-- Source material follows --
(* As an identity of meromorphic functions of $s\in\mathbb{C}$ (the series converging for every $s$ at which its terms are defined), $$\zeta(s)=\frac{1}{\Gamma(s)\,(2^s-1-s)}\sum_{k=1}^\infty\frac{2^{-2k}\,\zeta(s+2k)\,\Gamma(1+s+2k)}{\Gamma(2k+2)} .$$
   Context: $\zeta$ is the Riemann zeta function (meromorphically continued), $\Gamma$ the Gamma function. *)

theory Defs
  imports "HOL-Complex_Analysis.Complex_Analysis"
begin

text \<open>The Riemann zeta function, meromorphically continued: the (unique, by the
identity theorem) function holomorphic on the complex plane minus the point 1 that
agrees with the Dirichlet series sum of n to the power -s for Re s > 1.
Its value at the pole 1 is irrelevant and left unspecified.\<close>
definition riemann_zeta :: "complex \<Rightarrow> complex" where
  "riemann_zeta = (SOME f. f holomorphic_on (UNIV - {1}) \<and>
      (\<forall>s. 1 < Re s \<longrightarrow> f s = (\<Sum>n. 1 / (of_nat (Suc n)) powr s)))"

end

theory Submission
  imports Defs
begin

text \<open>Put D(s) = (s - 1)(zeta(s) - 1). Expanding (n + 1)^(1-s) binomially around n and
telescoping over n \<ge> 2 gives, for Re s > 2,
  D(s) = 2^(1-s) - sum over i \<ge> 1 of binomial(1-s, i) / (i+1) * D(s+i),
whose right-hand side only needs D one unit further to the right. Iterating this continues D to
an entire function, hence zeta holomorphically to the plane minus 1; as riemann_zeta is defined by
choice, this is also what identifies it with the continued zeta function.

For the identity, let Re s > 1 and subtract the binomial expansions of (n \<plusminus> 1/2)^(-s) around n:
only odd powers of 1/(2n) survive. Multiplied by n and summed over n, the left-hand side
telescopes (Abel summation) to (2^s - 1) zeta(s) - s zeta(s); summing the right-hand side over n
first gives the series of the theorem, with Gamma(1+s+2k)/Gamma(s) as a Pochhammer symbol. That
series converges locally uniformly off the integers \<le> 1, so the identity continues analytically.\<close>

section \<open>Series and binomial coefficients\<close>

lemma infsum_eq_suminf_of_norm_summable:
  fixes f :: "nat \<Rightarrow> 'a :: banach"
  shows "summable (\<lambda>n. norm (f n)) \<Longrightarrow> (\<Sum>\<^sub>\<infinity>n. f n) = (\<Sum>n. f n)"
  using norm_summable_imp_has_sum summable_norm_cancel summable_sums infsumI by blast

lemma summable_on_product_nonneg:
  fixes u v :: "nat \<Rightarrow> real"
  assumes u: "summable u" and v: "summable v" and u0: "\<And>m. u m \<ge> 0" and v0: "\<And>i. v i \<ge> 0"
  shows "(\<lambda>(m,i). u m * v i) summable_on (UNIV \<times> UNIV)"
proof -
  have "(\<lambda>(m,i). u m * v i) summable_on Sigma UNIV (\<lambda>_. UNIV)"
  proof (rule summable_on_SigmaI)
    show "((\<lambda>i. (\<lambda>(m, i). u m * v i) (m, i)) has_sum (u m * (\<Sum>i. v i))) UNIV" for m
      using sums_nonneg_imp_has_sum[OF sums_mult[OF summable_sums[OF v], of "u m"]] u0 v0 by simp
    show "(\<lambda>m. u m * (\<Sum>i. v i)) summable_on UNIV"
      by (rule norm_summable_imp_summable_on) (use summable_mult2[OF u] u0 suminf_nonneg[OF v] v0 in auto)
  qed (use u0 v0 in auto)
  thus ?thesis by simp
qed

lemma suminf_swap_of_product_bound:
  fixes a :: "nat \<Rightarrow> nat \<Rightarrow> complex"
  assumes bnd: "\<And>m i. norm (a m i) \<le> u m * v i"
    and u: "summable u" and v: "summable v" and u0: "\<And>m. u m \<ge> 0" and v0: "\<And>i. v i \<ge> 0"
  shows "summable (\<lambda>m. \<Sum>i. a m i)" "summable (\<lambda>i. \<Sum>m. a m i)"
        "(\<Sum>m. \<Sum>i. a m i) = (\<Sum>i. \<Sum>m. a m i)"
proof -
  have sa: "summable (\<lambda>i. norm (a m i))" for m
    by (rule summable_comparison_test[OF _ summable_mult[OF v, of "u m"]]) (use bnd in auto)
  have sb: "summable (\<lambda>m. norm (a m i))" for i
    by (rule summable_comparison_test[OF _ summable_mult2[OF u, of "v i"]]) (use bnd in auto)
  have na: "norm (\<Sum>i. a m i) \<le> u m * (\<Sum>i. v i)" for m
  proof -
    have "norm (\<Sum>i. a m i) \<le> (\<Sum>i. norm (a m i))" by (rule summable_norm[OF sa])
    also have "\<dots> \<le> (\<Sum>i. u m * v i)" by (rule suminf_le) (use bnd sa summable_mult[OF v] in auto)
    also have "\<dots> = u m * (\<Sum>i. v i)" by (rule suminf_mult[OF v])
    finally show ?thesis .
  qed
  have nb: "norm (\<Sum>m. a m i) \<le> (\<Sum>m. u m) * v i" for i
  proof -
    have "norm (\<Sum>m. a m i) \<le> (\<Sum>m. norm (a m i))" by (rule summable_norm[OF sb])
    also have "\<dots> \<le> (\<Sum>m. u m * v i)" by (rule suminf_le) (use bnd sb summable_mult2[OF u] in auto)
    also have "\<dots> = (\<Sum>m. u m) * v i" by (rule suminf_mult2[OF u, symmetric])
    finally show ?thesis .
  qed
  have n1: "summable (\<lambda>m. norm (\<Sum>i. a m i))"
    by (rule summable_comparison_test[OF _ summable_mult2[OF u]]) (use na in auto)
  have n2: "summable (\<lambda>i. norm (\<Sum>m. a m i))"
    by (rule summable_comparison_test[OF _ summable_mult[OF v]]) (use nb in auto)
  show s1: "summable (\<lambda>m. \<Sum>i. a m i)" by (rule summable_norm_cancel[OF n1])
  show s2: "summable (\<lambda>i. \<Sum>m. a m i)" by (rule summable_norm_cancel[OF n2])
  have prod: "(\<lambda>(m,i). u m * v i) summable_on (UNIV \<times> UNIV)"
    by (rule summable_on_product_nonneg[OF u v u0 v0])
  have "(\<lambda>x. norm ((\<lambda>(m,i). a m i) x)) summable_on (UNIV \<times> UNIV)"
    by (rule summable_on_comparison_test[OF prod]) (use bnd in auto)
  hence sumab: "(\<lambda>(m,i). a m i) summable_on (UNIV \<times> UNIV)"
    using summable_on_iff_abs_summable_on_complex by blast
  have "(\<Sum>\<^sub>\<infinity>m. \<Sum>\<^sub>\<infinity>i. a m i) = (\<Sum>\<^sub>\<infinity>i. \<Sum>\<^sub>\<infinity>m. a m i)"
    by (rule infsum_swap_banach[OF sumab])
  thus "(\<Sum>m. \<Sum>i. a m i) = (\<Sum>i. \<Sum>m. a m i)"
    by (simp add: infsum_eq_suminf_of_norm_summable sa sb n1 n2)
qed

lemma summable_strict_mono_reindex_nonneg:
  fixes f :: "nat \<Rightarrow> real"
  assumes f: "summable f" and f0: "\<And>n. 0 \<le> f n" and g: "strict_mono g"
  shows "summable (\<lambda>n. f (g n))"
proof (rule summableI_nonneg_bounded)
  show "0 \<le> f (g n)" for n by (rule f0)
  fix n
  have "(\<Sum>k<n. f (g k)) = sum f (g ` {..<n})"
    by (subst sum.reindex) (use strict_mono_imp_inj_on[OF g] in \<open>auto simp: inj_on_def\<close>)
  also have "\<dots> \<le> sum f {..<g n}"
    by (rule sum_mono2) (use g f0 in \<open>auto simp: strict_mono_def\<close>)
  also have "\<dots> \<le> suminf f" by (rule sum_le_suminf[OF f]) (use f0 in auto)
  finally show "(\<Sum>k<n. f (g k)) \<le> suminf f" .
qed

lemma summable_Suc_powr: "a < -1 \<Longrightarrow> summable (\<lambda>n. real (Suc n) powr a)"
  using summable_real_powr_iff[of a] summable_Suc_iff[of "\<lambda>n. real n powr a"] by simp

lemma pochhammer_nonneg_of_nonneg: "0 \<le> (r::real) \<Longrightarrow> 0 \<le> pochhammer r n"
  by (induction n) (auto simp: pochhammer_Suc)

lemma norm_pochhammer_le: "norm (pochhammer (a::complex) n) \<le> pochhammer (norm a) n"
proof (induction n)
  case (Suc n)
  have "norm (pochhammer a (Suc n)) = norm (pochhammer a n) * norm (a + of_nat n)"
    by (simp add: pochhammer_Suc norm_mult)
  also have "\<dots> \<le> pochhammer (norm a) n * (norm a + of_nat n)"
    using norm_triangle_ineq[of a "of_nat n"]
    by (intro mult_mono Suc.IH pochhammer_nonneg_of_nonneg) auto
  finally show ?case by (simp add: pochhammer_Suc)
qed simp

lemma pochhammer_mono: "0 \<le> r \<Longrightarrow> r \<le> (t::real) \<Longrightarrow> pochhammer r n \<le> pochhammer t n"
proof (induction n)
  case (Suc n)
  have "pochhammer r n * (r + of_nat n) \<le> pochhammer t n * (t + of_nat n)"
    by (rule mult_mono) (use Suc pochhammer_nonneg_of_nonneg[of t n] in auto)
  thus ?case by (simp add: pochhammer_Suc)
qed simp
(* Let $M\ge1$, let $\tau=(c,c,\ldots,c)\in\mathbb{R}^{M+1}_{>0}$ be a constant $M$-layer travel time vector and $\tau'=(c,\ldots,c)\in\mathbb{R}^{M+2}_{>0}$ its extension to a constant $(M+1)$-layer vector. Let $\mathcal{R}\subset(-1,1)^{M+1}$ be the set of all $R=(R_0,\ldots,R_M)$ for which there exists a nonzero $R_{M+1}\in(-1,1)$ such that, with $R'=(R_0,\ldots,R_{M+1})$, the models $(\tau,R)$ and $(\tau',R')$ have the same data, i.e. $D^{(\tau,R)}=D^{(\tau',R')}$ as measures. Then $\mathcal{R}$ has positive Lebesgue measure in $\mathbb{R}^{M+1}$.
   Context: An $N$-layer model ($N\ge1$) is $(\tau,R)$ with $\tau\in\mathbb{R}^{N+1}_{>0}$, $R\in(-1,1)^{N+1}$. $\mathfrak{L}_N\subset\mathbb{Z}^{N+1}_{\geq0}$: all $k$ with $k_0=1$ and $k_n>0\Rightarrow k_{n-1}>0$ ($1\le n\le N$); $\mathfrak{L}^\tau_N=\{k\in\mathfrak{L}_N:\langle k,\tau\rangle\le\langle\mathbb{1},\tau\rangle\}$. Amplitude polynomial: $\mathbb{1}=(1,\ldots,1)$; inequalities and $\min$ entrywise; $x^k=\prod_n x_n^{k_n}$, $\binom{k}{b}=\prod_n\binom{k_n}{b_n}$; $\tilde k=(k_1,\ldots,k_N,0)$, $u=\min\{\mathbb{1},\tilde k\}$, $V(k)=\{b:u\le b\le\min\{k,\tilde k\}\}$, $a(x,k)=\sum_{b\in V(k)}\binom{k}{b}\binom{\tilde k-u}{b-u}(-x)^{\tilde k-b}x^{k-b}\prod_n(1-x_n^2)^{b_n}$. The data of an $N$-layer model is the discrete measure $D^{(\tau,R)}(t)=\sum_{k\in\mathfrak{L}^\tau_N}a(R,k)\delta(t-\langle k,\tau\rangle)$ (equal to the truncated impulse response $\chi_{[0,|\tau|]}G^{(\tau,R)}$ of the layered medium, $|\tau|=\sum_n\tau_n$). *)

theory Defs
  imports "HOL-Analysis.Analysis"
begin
-- Source material concluded --
-- Source material follows --
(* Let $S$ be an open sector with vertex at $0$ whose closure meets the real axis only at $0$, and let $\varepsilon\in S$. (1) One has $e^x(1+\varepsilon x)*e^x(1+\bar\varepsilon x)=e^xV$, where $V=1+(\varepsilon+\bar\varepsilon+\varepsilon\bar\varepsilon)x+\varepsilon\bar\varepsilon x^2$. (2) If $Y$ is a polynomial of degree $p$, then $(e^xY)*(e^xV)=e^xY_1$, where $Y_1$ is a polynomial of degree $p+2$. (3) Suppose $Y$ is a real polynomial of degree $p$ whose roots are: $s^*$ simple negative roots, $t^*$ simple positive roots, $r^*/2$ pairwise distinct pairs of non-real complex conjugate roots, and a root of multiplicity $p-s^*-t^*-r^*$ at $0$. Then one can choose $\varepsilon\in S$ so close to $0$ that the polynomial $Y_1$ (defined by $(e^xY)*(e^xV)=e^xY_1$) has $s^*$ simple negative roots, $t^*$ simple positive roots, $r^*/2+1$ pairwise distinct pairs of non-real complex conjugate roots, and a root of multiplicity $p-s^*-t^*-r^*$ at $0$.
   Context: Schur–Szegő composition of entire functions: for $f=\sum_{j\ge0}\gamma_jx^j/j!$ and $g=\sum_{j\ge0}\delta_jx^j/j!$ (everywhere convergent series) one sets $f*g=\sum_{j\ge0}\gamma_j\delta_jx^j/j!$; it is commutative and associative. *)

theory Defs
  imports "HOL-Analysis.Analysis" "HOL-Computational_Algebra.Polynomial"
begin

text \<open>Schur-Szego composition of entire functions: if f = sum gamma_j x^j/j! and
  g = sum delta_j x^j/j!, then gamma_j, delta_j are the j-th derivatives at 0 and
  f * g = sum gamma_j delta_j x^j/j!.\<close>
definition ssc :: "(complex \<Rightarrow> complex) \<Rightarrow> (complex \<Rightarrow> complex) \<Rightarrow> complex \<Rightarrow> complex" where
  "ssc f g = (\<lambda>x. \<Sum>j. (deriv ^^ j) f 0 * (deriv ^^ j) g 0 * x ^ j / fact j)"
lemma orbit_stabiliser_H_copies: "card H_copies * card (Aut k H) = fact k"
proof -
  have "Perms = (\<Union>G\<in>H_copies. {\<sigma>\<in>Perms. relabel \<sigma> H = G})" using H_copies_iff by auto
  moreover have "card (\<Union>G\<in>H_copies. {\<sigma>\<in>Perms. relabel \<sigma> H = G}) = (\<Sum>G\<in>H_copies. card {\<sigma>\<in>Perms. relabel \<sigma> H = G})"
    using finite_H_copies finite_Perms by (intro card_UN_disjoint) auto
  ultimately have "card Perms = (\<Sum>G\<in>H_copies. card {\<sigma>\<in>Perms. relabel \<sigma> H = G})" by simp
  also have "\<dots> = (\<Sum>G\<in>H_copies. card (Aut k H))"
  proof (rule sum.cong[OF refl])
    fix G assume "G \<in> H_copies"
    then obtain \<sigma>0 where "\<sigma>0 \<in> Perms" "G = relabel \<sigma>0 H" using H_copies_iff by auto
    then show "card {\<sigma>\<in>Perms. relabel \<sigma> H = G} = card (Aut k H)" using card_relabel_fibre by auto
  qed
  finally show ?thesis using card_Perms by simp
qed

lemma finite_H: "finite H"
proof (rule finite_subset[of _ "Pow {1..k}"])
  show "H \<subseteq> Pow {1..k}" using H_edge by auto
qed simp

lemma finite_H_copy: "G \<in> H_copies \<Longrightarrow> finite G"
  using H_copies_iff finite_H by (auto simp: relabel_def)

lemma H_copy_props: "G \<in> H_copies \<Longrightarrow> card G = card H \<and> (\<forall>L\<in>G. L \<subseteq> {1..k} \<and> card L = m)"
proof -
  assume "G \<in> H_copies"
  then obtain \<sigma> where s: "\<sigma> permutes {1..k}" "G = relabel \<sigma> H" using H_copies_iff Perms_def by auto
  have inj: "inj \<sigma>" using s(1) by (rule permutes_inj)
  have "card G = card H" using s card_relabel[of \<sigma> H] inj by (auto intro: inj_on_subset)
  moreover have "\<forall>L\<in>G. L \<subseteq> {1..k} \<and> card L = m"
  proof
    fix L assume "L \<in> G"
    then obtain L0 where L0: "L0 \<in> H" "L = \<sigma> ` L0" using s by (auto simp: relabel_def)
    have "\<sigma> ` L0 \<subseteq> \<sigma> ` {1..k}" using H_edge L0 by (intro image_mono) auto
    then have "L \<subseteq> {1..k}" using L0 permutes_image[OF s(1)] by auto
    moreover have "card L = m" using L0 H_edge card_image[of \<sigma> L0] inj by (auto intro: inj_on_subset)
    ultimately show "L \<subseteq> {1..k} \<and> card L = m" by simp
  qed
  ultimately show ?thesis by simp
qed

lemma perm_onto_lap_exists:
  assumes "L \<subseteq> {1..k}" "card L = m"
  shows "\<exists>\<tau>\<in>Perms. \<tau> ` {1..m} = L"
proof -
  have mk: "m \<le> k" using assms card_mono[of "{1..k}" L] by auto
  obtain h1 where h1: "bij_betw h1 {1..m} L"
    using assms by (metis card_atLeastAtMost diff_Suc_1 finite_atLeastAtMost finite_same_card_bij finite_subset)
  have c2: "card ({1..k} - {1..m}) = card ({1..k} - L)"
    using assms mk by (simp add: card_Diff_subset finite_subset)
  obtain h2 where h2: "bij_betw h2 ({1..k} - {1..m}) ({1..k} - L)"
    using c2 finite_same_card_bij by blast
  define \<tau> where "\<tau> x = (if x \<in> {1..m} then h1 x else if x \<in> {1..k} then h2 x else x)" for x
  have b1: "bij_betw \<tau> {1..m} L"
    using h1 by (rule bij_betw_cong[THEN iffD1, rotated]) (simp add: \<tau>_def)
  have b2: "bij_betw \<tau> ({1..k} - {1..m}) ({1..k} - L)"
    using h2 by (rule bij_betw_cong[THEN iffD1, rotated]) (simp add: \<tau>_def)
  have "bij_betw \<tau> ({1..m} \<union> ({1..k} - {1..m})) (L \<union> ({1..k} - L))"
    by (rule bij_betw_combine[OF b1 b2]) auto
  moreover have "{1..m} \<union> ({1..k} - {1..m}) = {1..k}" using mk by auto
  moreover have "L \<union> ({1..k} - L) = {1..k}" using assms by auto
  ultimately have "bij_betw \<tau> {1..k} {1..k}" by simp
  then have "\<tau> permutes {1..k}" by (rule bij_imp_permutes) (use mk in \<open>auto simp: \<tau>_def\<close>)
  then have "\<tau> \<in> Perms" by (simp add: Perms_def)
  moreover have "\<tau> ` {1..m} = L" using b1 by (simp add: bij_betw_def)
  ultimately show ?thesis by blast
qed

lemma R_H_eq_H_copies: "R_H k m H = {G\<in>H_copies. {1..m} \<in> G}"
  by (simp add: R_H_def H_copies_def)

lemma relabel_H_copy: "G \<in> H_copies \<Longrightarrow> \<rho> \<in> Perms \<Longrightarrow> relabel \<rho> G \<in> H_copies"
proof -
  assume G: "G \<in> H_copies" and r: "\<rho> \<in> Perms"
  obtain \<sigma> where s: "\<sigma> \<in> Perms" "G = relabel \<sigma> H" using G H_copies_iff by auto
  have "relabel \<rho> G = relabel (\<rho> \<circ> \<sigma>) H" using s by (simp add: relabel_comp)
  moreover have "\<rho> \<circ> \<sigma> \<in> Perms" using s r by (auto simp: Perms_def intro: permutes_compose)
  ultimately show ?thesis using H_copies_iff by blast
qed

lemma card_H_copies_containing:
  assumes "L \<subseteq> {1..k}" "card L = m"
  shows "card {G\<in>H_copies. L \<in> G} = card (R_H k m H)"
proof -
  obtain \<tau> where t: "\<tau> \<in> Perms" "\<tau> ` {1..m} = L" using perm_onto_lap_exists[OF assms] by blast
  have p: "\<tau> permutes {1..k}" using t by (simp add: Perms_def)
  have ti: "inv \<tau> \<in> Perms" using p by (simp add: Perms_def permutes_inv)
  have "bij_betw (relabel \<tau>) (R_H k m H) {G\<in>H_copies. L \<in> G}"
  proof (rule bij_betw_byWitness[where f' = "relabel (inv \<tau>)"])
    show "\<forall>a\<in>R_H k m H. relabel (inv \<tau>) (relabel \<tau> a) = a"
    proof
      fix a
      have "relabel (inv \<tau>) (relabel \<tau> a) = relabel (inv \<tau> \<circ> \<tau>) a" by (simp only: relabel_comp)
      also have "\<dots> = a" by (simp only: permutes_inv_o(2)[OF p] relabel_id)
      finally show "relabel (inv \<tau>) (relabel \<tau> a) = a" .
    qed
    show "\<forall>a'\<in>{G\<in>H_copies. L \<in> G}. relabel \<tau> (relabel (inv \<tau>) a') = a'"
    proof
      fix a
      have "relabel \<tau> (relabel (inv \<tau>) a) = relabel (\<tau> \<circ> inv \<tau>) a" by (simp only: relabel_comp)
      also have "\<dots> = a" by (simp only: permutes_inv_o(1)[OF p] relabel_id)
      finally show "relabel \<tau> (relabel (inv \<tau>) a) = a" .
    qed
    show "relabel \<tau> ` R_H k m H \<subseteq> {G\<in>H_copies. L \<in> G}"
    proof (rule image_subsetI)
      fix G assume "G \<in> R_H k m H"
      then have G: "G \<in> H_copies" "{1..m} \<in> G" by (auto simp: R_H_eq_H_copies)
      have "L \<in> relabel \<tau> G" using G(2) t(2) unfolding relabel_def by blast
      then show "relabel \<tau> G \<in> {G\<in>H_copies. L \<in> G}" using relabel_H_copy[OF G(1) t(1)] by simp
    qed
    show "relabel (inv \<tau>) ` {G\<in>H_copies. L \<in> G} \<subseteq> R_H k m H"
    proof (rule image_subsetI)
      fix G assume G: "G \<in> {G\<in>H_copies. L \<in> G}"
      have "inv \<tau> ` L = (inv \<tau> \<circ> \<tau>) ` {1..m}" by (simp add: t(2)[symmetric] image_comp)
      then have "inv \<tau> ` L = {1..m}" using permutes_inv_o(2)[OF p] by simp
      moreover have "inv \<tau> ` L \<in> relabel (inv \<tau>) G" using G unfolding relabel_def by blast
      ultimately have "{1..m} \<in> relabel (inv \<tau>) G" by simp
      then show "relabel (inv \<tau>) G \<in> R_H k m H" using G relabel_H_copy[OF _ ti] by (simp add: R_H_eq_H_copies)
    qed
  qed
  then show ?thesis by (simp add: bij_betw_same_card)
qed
-- Source material concluded --
Exercise description
The line above containing "(* As an identity", the line containing "Its value at", and every line between them are to be transcribed exactly; no other line is wanted.

Exercise solution
(* As an identity of meromorphic functions of $s\in\mathbb{C}$ (the series converging for every $s$ at which its terms are defined), $$\zeta(s)=\frac{1}{\Gamma(s)\,(2^s-1-s)}\sum_{k=1}^\infty\frac{2^{-2k}\,\zeta(s+2k)\,\Gamma(1+s+2k)}{\Gamma(2k+2)} .$$
   Context: $\zeta$ is the Riemann zeta function (meromorphically continued), $\Gamma$ the Gamma function. *)

theory Defs
  imports "HOL-Complex_Analysis.Complex_Analysis"
begin

text \<open>The Riemann zeta function, meromorphically continued: the (unique, by the
identity theorem) function holomorphic on the complex plane minus the point 1 that
agrees with the Dirichlet series sum of n to the power -s for Re s > 1.
Its value at the pole 1 is irrelevant and left unspecified.\<close>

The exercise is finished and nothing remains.